## WHAT IS NEEDED
Exactly the lines from the start of the data below through the line containing "measure \<Rightarrow> real" must be returned, and no others.

*** RECORDS TO PROCESS ***

(* Let $(X,A,Y)$ be jointly distributed with $A,Y\in\{0,1\}$, and assume there exist deterministic functions $f_Y^*,f_A^*$ with $Y=f_Y^*(X)$ and $A=f_A^*(X)$. Let $\Delta_{Y\mid A}:=|\Pr(Y=1\mid A=0)-\Pr(Y=1\mid A=1)|$ and let $\ell(y,y')=-y\log y'-(1-y)\log(1-y')$ be the cross-entropy loss. Let $Z=g(X)$ be any (possibly randomized) representation. If $I(Z;A)=0$, then $$\inf_h\mathbb{E}[\ell(Y,h(Z))]\ge \Delta_{Y\mid A}\cdot H(A).$$ If $I(Y;Z)=H(Y)$, then $$\inf_h\mathbb{E}[\ell(A,h(Z))]\le H(A\mid Y).$$ Here the infima are over all (possibly randomized) predictors $h$ mapping $Z$ to $[0,1]$.
   Context: A (possibly randomized) representation is $Z=g(X,S)$ for a measurable $g$ and auxiliary randomness $S$ independent of $(X,A,Y)$. $H$ denotes Shannon entropy (with the same logarithm base as in $\ell$), $I$ mutual information. *)

theory Defs
  imports "HOL-Probability.Probability"
begin

text \<open>Values are in ennreal so that log 0 = -infinity is treated correctly
  (with the convention 0 * log 0 = 0).\<close>
definition ce_loss :: "real \<Rightarrow> bool \<Rightarrow> real \<Rightarrow> ennreal" where
  "ce_loss b y t =
     (if y then (if t \<le> 0 then \<infinity> else ennreal (- log b t))
      else (if 1 \<le> t then \<infinity> else ennreal (- log b (1 - t))))"

text \<open>(Possibly randomized) predictors from Z to [0,1]: Markov kernels from the
  space of Z to probability measures on the reals concentrated on [0,1].
  Deterministic predictors are the Dirac kernels.\<close>
definition rand_predictors :: "'z measure \<Rightarrow> ('z \<Rightarrow> real measure) set" where
  "rand_predictors MZ =
     {h. h \<in> MZ \<rightarrow>\<^sub>M subprob_algebra borel \<and>
         (\<forall>z\<in>space MZ. prob_space (h z) \<and> emeasure (h z) {0..1} = 1)}"

definition exp_loss ::
  "'w measure \<Rightarrow> real \<Rightarrow> ('w \<Rightarrow> bool) \<Rightarrow> ('w \<Rightarrow> 'z) \<Rightarrow> ('z \<Rightarrow> real measure) \<Rightarrow> ennreal" where
  "exp_loss M b L Z h = (\<integral>\<^sup>+ \<omega>. (\<integral>\<^sup>+ t. ce_loss b (L \<omega>) t \<partial>(h (Z \<omega>))) \<partial>M)"

definition Delta_YA :: "'w measure \<Rightarrow> ('w \<Rightarrow> bool) \<Rightarrow> ('w \<Rightarrow> bool) \<Rightarrow> real" where
  "Delta_YA M A Y = \<bar>cond_prob M (\<lambda>\<omega>. Y \<omega>) (\<lambda>\<omega>. \<not> A \<omega>) - cond_prob M (\<lambda>\<omega>. Y \<omega>) (\<lambda>\<omega>. A \<omega>)\<bar>"

end

theory Submission
  imports Defs
begin

text \<open>
  Write \<open>p = P(A)\<close> and \<open>r(z) = P(A | Z = z)\<close>. The joint law of \<open>(Z, A)\<close> has the density
  \<open>P(A = a | Z = z) / P(A = a)\<close> with respect to the product of the marginals. Hence
  \<open>I(Z; A) = 0\<close> forces this density to be 1, i.e. \<open>Z\<close> and \<open>A\<close> are independent, and in general
  \<open>I(A; Z) = H(A) - E h(r(Z))\<close> with \<open>h\<close> the binary entropy.

  Lower bound: by Gibbs' inequality the expected losses \<open>u(z)\<close>, \<open>v(z)\<close> of a predictor at the
  labels 1 and 0 satisfy \<open>H(A) \<le> p u(z) + (1 - p) v(z)\<close>. Truncating \<open>u\<close> at \<open>v + H(A)/p\<close> and \<open>v\<close>
  at \<open>u + H(A)/(1 - p)\<close> keeps this bound; integrating it against the indicator of \<open>A\<close>, which is
  independent of \<open>Z\<close>, bounds the loss for \<open>Y\<close> from below by \<open>H(A) (P(Y | A) - P(Y | \<not> A))\<close>,
  and exchanging \<open>A\<close> with \<open>\<not> A\<close> gives the other sign.

  Upper bound: \<open>I(Y; Z) = H(Y)\<close> gives \<open>h(r(Z)) = 0\<close> almost surely, so \<open>Y\<close> is almost surely a
  function of \<open>Z\<close>, and predicting \<open>P(A | Y)\<close> through that function attains \<open>H(A | Y)\<close>.

  Neither bound uses that \<open>A\<close> and \<open>Y\<close> are functions of \<open>X\<close> or that \<open>S\<close> is independent of
  \<open>(X, A, Y)\<close>; only measurability of \<open>A\<close>, \<open>Y\<close> and \<open>Z\<close> is needed.
\<close>

section \<open>Binary entropy\<close>

definition bin_entropy :: "real \<Rightarrow> real \<Rightarrow> real" where
  "bin_entropy b x = - (x * log b x + (1 - x) * log b (1 - x))"

lemma bin_entropy_1_minus: "bin_entropy b (1 - x) = bin_entropy b x"
  by (simp add: bin_entropy_def)

lemma bin_entropy_nonneg:
  assumes "1 < b" "0 \<le> x" "x \<le> 1"
  shows "0 \<le> bin_entropy b x"
proof -
  have "x * log b x \<le> 0" "(1 - x) * log b (1 - x) \<le> 0"
    using assms by (cases "x = 0"; cases "x = 1"; auto intro!: mult_nonneg_nonpos)+
  then show ?thesis by (simp add: bin_entropy_def)
qed

lemma bin_entropy_pos:
  assumes "1 < b" "0 < x" "x < 1"
  shows "0 < bin_entropy b x"
proof -
  have "x * log b x < 0" "(1 - x) * log b (1 - x) < 0"
    using assms by (simp_all add: mult_pos_neg)
  then show ?thesis by (simp add: bin_entropy_def)
qed

lemma neg_mult_ln_le:
  fixes x :: real
  assumes "0 \<le> x"
  shows "- (x * ln x) \<le> 1 - x"
proof (cases "x = 0")
  case False
  then have "- ln x \<le> 1 / x - 1" using ln_le_minus_one[of "1 / x"] assms by (simp add: ln_div)
  then have "x * - ln x \<le> x * (1 / x - 1)" using assms by (rule mult_left_mono)
  also have "\<dots> = 1 - x" using False by (simp add: field_simps)
  finally show ?thesis by simp
qed simp

lemma bin_entropy_le:
  assumes b: "1 < b" and x: "0 \<le> x" "x \<le> 1"
  shows "bin_entropy b x \<le> 1 / ln b"
proof -
  have "- (x * ln x + (1 - x) * ln (1 - x)) \<le> 1"
    using neg_mult_ln_le[of x] neg_mult_ln_le[of "1 - x"] x by simp
  then show ?thesis
    using b by (simp add: bin_entropy_def log_def divide_right_mono add_divide_distrib[symmetric]
        minus_divide_left)
qed

lemma abs_mult_log_le:
  fixes x b :: real
  assumes x: "0 \<le> x" and b: "1 < b"
  shows "\<bar>x * log b x\<bar> \<le> (1 + x\<^sup>2) / ln b"
proof -
  have "x * ln x \<le> x * (x - 1)"
    using ln_le_minus_one[of x] x by (cases "x = 0") (simp_all add: mult_left_mono)
  then have "x * ln x \<le> x\<^sup>2 - x" by (simp add: power2_eq_square algebra_simps)
  then have "\<bar>x * ln x\<bar> \<le> 1 + x\<^sup>2"
    using neg_mult_ln_le[OF x] x zero_le_power2[of x] by linarith
  then show ?thesis
    using b by (simp add: log_def abs_mult abs_div divide_right_mono)
qed

lemma mult_ln_div_le:
  fixes x y :: real
  assumes "0 < x" "0 < y"
  shows "x * ln (y / x) \<le> y - x"
proof -
  have "x * ln (y / x) \<le> x * (y / x - 1)"
    by (rule mult_left_mono[OF ln_le_minus_one]) (use assms in auto)
  also have "\<dots> = y - x" using assms by (simp add: right_diff_distrib)
  finally show ?thesis .
qed

lemma bin_entropy_le_cross_entropy:
  fixes p t b :: real
  assumes p: "0 < p" "p < 1" and t: "0 < t" "t < 1" and b: "1 < b"
  shows "bin_entropy b p \<le> p * - log b t + (1 - p) * - log b (1 - t)"
proof -
  have e: "ln (t / p) = ln t - ln p" "ln ((1 - t) / (1 - p)) = ln (1 - t) - ln (1 - p)"
    using p t by (simp_all add: ln_div)
  have "p * (ln t - ln p) \<le> t - p"
    by (rule mult_ln_div_le[of p t, unfolded e]) (use p t in simp_all)
  moreover have "(1 - p) * (ln (1 - t) - ln (1 - p)) \<le> (1 - t) - (1 - p)"
    by (rule mult_ln_div_le[of "1 - p" "1 - t", unfolded e]) (use p t in simp_all)
  ultimately have "- (p * ln p + (1 - p) * ln (1 - p)) \<le> p * - ln t + (1 - p) * - ln (1 - t)"
    unfolding right_diff_distrib mult_minus_right by linarith
  then have "- (p * ln p + (1 - p) * ln (1 - p)) / ln b \<le> (p * - ln t + (1 - p) * - ln (1 - t)) / ln b"
    using b by (simp add: divide_right_mono)
  then show ?thesis
    by (simp only: bin_entropy_def log_def mult_minus_right times_divide_eq_right
        minus_divide_left add_divide_distrib[symmetric])
qed

lemma xlogx_divide:
  fixes x c b :: real
  assumes "0 \<le> x" "0 < c"
  shows "c * (x / c * log b (x / c)) = x * log b x - x * log b c"
proof (cases "x = 0")
  case False
  with assms show ?thesis by (simp add: log_divide_pos algebra_simps)
qed simp
(* Let $0\le a<b$ and let $f:[a,b]\to[a,b]$ be a continuous map, with $[a,b]$ carrying the Euclidean metric. If $f$ has the shadowing property, then the set-valued map $F$ on $X=[-b,-a]\cup[a,b]$ defined by $F(x)=\{f(-x),-f(-x)\}$ for $x\in[-b,-a]$ and $F(x)=\{f(x),-f(x)\}$ for $x\in[a,b]$ also has the shadowing property.
   Context: A single-valued continuous map $f$ on a metric space $(Y,d)$ has the shadowing property if for every $\varepsilon>0$ there is $\delta>0$ such that for every sequence $\{x_n\}_{n\ge0}$ with $d(f(x_n),x_{n+1})<\delta$ for all $n$, there is $x\in Y$ with $d(f^n(x),x_n)<\varepsilon$ for all $n\ge 0$. For a set-valued map $F:X\to 2^X$ ($2^X$ = nonempty compact subsets), a $\delta$-pseudo-orbit is a sequence $\{x_n\}_{n\ge0}$ with $d(x_{n+1},F(x_n))<\delta$ for all $n$, and an $F$-orbit is a sequence $(y_n)_{n\ge0}$ with $y_{n+1}\in F(y_n)$ for all $n$; $F$ has the shadowing property if for every $\varepsilon>0$ there is $\delta>0$ such that for each $\delta$-pseudo-orbit $\{x_n\}$ there is an $F$-orbit $(y_n)$ with $d(x_n,y_n)<\varepsilon$ for all $n$. *)

theory Defs
  imports "HOL-Analysis.Analysis"
begin

definition shadowing_on :: "'a::metric_space set \<Rightarrow> ('a \<Rightarrow> 'a) \<Rightarrow> bool" where
  "shadowing_on S f \<longleftrightarrow>
     (\<forall>e>0. \<exists>d>0. \<forall>xs::nat \<Rightarrow> 'a. (\<forall>n. xs n \<in> S) \<and> (\<forall>n. dist (f (xs n)) (xs (Suc n)) < d)
        \<longrightarrow> (\<exists>x\<in>S. \<forall>n. dist ((f ^^ n) x) (xs n) < e))"

definition sv_pseudo_orbit :: "'a::metric_space set \<Rightarrow> ('a \<Rightarrow> 'a set) \<Rightarrow> real \<Rightarrow> (nat \<Rightarrow> 'a) \<Rightarrow> bool" where
  "sv_pseudo_orbit X F d xs \<longleftrightarrow> (\<forall>n. xs n \<in> X) \<and> (\<forall>n. infdist (xs (Suc n)) (F (xs n)) < d)"

definition sv_orbit :: "'a set \<Rightarrow> ('a \<Rightarrow> 'a set) \<Rightarrow> (nat \<Rightarrow> 'a) \<Rightarrow> bool" where
  "sv_orbit X F ys \<longleftrightarrow> (\<forall>n. ys n \<in> X) \<and> (\<forall>n. ys (Suc n) \<in> F (ys n))"

definition sv_shadowing_on :: "'a::metric_space set \<Rightarrow> ('a \<Rightarrow> 'a set) \<Rightarrow> bool" where
  "sv_shadowing_on X F \<longleftrightarrow>
     (\<forall>e>0. \<exists>d>0. \<forall>xs. sv_pseudo_orbit X F d xs \<longrightarrow>
        (\<exists>ys. sv_orbit X F ys \<and> (\<forall>n. dist (xs n) (ys n) < e)))"

end

theory Submission
  imports Defs
begin

text \<open>On \<open>X = -[a,b] \<union> [a,b]\<close> the map \<open>F\<close> is \<open>x \<mapsto> {f\<bar>x\<bar>, -f\<bar>x\<bar>}\<close>, and the distance from
  \<open>u\<close> to \<open>{p, -p}\<close> is \<open>\<bar>\<bar>u\<bar> - p\<bar>\<close>. Hence the absolute values of a \<open>\<delta>\<close>-pseudo-orbit of \<open>F\<close> form a
  \<open>\<delta>\<close>-pseudo-orbit of \<open>f\<close>; an \<open>f\<close>-orbit shadowing it, with each point given the sign of the
  corresponding pseudo-orbit point, is an \<open>F\<close>-orbit shadowing the original sequence.\<close>

lemma infdist_plus_minus:
  fixes u p :: real
  assumes "0 \<le> p"
  shows "infdist u {p, -p} = \<bar>\<bar>u\<bar> - p\<bar>"
proof -
  have "infdist u {p, -p} = min \<bar>u - p\<bar> \<bar>u + p\<bar>"
    using infdist_Un_min[of "{p}" "{-p}" u] by (simp add: dist_real_def insert_commute)
  then show ?thesis
    using assms by (simp add: min_def abs_if)
qed

lemma dist_signed_copy:
  fixes u y :: real
  assumes "0 \<le> y"
  shows "dist u (if 0 \<le> u then y else - y) = dist y \<bar>u\<bar>"
  using assms by (auto simp: dist_real_def)

lemma funpow_mem_invariant:
  assumes "f ` S \<subseteq> S" "x \<in> S"
  shows "(f ^^ n) x \<in> S"
  by (induction n) (use assms in auto)

lemma sv_shadowing_on_cong:
  assumes "\<And>x. x \<in> X \<Longrightarrow> F x = G x"
  shows "sv_shadowing_on X F \<longleftrightarrow> sv_shadowing_on X G"
proof -
  have "sv_pseudo_orbit X F d xs \<longleftrightarrow> sv_pseudo_orbit X G d xs" for d xs
    using assms by (auto simp: sv_pseudo_orbit_def)
  moreover have "sv_orbit X F ys \<longleftrightarrow> sv_orbit X G ys" for ys
    using assms by (auto simp: sv_orbit_def)
  ultimately show ?thesis
    unfolding sv_shadowing_on_def by simp
qed

lemma abs_sv_pseudo_orbit_imp_pseudo_orbit:
  fixes S :: "real set"
  assumes "S \<subseteq> {0..}" "f ` S \<subseteq> S"
    and "sv_pseudo_orbit (uminus ` S \<union> S) (\<lambda>x. {f \<bar>x\<bar>, - f \<bar>x\<bar>}) d xs"
  shows "\<bar>xs n\<bar> \<in> S" and "dist (f \<bar>xs n\<bar>) \<bar>xs (Suc n)\<bar> < d"
proof -
  show abs_in: "\<bar>xs k\<bar> \<in> S" for k
  proof -
    have "xs k \<in> uminus ` S \<union> S"
      using assms(3) by (simp add: sv_pseudo_orbit_def)
    then consider s where "s \<in> S" "xs k = - s" | "xs k \<in> S"
      by blast
    then show ?thesis
      using assms(1) by cases (auto simp: subset_eq)
  qed
  have "0 \<le> f \<bar>xs n\<bar>"
    using abs_in[of n] assms(1,2) by blast
  moreover have "infdist (xs (Suc n)) {f \<bar>xs n\<bar>, - f \<bar>xs n\<bar>} < d"
    using assms(3) by (simp add: sv_pseudo_orbit_def)
  ultimately show "dist (f \<bar>xs n\<bar>) \<bar>xs (Suc n)\<bar> < d"
    by (simp add: infdist_plus_minus dist_real_def abs_minus_commute)
qed

lemma signed_orbit_is_sv_orbit:
  fixes S :: "real set"
  assumes "S \<subseteq> {0..}" "f ` S \<subseteq> S" "x \<in> S"
  shows "sv_orbit (uminus ` S \<union> S) (\<lambda>x. {f \<bar>x\<bar>, - f \<bar>x\<bar>})
           (\<lambda>n. if 0 \<le> s n then (f ^^ n) x else - (f ^^ n) x)"
proof -
  have orbit: "(f ^^ n) x \<in> S" for n
    using assms(2,3) by (rule funpow_mem_invariant)
  then have "\<bar>(f ^^ n) x\<bar> = (f ^^ n) x" for n
    using assms(1) by (auto simp: subset_eq)
  with orbit show ?thesis
    by (auto simp: sv_orbit_def)
qed

theorem sv_shadowing_on_symmetric_lift:
  fixes S :: "real set"
  assumes "S \<subseteq> {0..}" "f ` S \<subseteq> S" "shadowing_on S f"
  shows "sv_shadowing_on (uminus ` S \<union> S) (\<lambda>x. {f \<bar>x\<bar>, - f \<bar>x\<bar>})"
  unfolding sv_shadowing_on_def
proof (intro allI impI)
  fix e :: real
  assume "e > 0"
  then obtain d where "d > 0" and shadow: "\<And>zs. (\<forall>n. zs n \<in> S) \<Longrightarrow>
      (\<forall>n. dist (f (zs n)) (zs (Suc n)) < d) \<Longrightarrow> \<exists>x\<in>S. \<forall>n. dist ((f ^^ n) x) (zs n) < e"
    using assms(3) unfolding shadowing_on_def by metis
  have "\<exists>ys. sv_orbit (uminus ` S \<union> S) (\<lambda>x. {f \<bar>x\<bar>, - f \<bar>x\<bar>}) ys \<and> (\<forall>n. dist (xs n) (ys n) < e)"
    if po: "sv_pseudo_orbit (uminus ` S \<union> S) (\<lambda>x. {f \<bar>x\<bar>, - f \<bar>x\<bar>}) d xs" for xs
  proof -
    obtain x where "x \<in> S" and close: "\<And>n. dist ((f ^^ n) x) \<bar>xs n\<bar> < e"
      using shadow[of "\<lambda>n. \<bar>xs n\<bar>"] abs_sv_pseudo_orbit_imp_pseudo_orbit[OF assms(1,2) po] by blast
    have "0 \<le> (f ^^ n) x" for n
      using funpow_mem_invariant[OF assms(2) \<open>x \<in> S\<close>] assms(1) by (auto simp: subset_eq)
    then have "dist (xs n) (if 0 \<le> xs n then (f ^^ n) x else - (f ^^ n) x) < e" for n
      using close[of n] by (simp only: dist_signed_copy)
    then show ?thesis
      using signed_orbit_is_sv_orbit[OF assms(1,2) \<open>x \<in> S\<close>] by blast
  qed
  with \<open>d > 0\<close> show "\<exists>d>0. \<forall>xs. sv_pseudo_orbit (uminus ` S \<union> S) (\<lambda>x. {f \<bar>x\<bar>, - f \<bar>x\<bar>}) d xs \<longrightarrow>
      (\<exists>ys. sv_orbit (uminus ` S \<union> S) (\<lambda>x. {f \<bar>x\<bar>, - f \<bar>x\<bar>}) ys \<and> (\<forall>n. dist (xs n) (ys n) < e))"
    by blast
qed

theorem lemma3p17:
  fixes a b :: real and f :: "real \<Rightarrow> real"
  assumes "0 \<le> a" "a < b"
    and "continuous_on {a..b} f"
    and "f ` {a..b} \<subseteq> {a..b}"
    and "shadowing_on {a..b} f"
  shows "sv_shadowing_on ({-b..-a} \<union> {a..b})
           (\<lambda>x. if x \<in> {-b..-a} then {f (-x), - f (-x)} else {f x, - f x})"
proof -
  have X: "{-b..-a} \<union> {a..b} = uminus ` {a..b} \<union> {a..b}"
    by simp
  have lift: "sv_shadowing_on ({-b..-a} \<union> {a..b}) (\<lambda>x. {f \<bar>x\<bar>, - f \<bar>x\<bar>})"
    unfolding X by (rule sv_shadowing_on_symmetric_lift) (use assms(1,4,5) in auto)
  have "(if x \<in> {-b..-a} then {f (-x), - f (-x)} else {f x, - f x}) = {f \<bar>x\<bar>, - f \<bar>x\<bar>}"
    if "x \<in> {-b..-a} \<union> {a..b}" for x
    using that assms(1) by auto
  then show ?thesis
    using sv_shadowing_on_cong[of "{-b..-a} \<union> {a..b}"
        "\<lambda>x. if x \<in> {-b..-a} then {f (-x), - f (-x)} else {f x, - f x}"
        "\<lambda>x. {f \<bar>x\<bar>, - f \<bar>x\<bar>}"] lift
    by simp
qed

end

*** End of RECORDS TO PROCESS ***

## RESULT
(* Let $(X,A,Y)$ be jointly distributed with $A,Y\in\{0,1\}$, and assume there exist deterministic functions $f_Y^*,f_A^*$ with $Y=f_Y^*(X)$ and $A=f_A^*(X)$. Let $\Delta_{Y\mid A}:=|\Pr(Y=1\mid A=0)-\Pr(Y=1\mid A=1)|$ and let $\ell(y,y')=-y\log y'-(1-y)\log(1-y')$ be the cross-entropy loss. Let $Z=g(X)$ be any (possibly randomized) representation. If $I(Z;A)=0$, then $$\inf_h\mathbb{E}[\ell(Y,h(Z))]\ge \Delta_{Y\mid A}\cdot H(A).$$ If $I(Y;Z)=H(Y)$, then $$\inf_h\mathbb{E}[\ell(A,h(Z))]\le H(A\mid Y).$$ Here the infima are over all (possibly randomized) predictors $h$ mapping $Z$ to $[0,1]$.
   Context: A (possibly randomized) representation is $Z=g(X,S)$ for a measurable $g$ and auxiliary randomness $S$ independent of $(X,A,Y)$. $H$ denotes Shannon entropy (with the same logarithm base as in $\ell$), $I$ mutual information. *)

theory Defs
  imports "HOL-Probability.Probability"
begin

text \<open>Values are in ennreal so that log 0 = -infinity is treated correctly
  (with the convention 0 * log 0 = 0).\<close>
definition ce_loss :: "real \<Rightarrow> bool \<Rightarrow> real \<Rightarrow> ennreal" where
  "ce_loss b y t =
     (if y then (if t \<le> 0 then \<infinity> else ennreal (- log b t))
      else (if 1 \<le> t then \<infinity> else ennreal (- log b (1 - t))))"

text \<open>(Possibly randomized) predictors from Z to [0,1]: Markov kernels from the
  space of Z to probability measures on the reals concentrated on [0,1].
  Deterministic predictors are the Dirac kernels.\<close>
definition rand_predictors :: "'z measure \<Rightarrow> ('z \<Rightarrow> real measure) set" where
  "rand_predictors MZ =
     {h. h \<in> MZ \<rightarrow>\<^sub>M subprob_algebra borel \<and>
         (\<forall>z\<in>space MZ. prob_space (h z) \<and> emeasure (h z) {0..1} = 1)}"

definition exp_loss ::
  "'w measure \<Rightarrow> real \<Rightarrow> ('w \<Rightarrow> bool) \<Rightarrow> ('w \<Rightarrow> 'z) \<Rightarrow> ('z \<Rightarrow> real measure) \<Rightarrow> ennreal" where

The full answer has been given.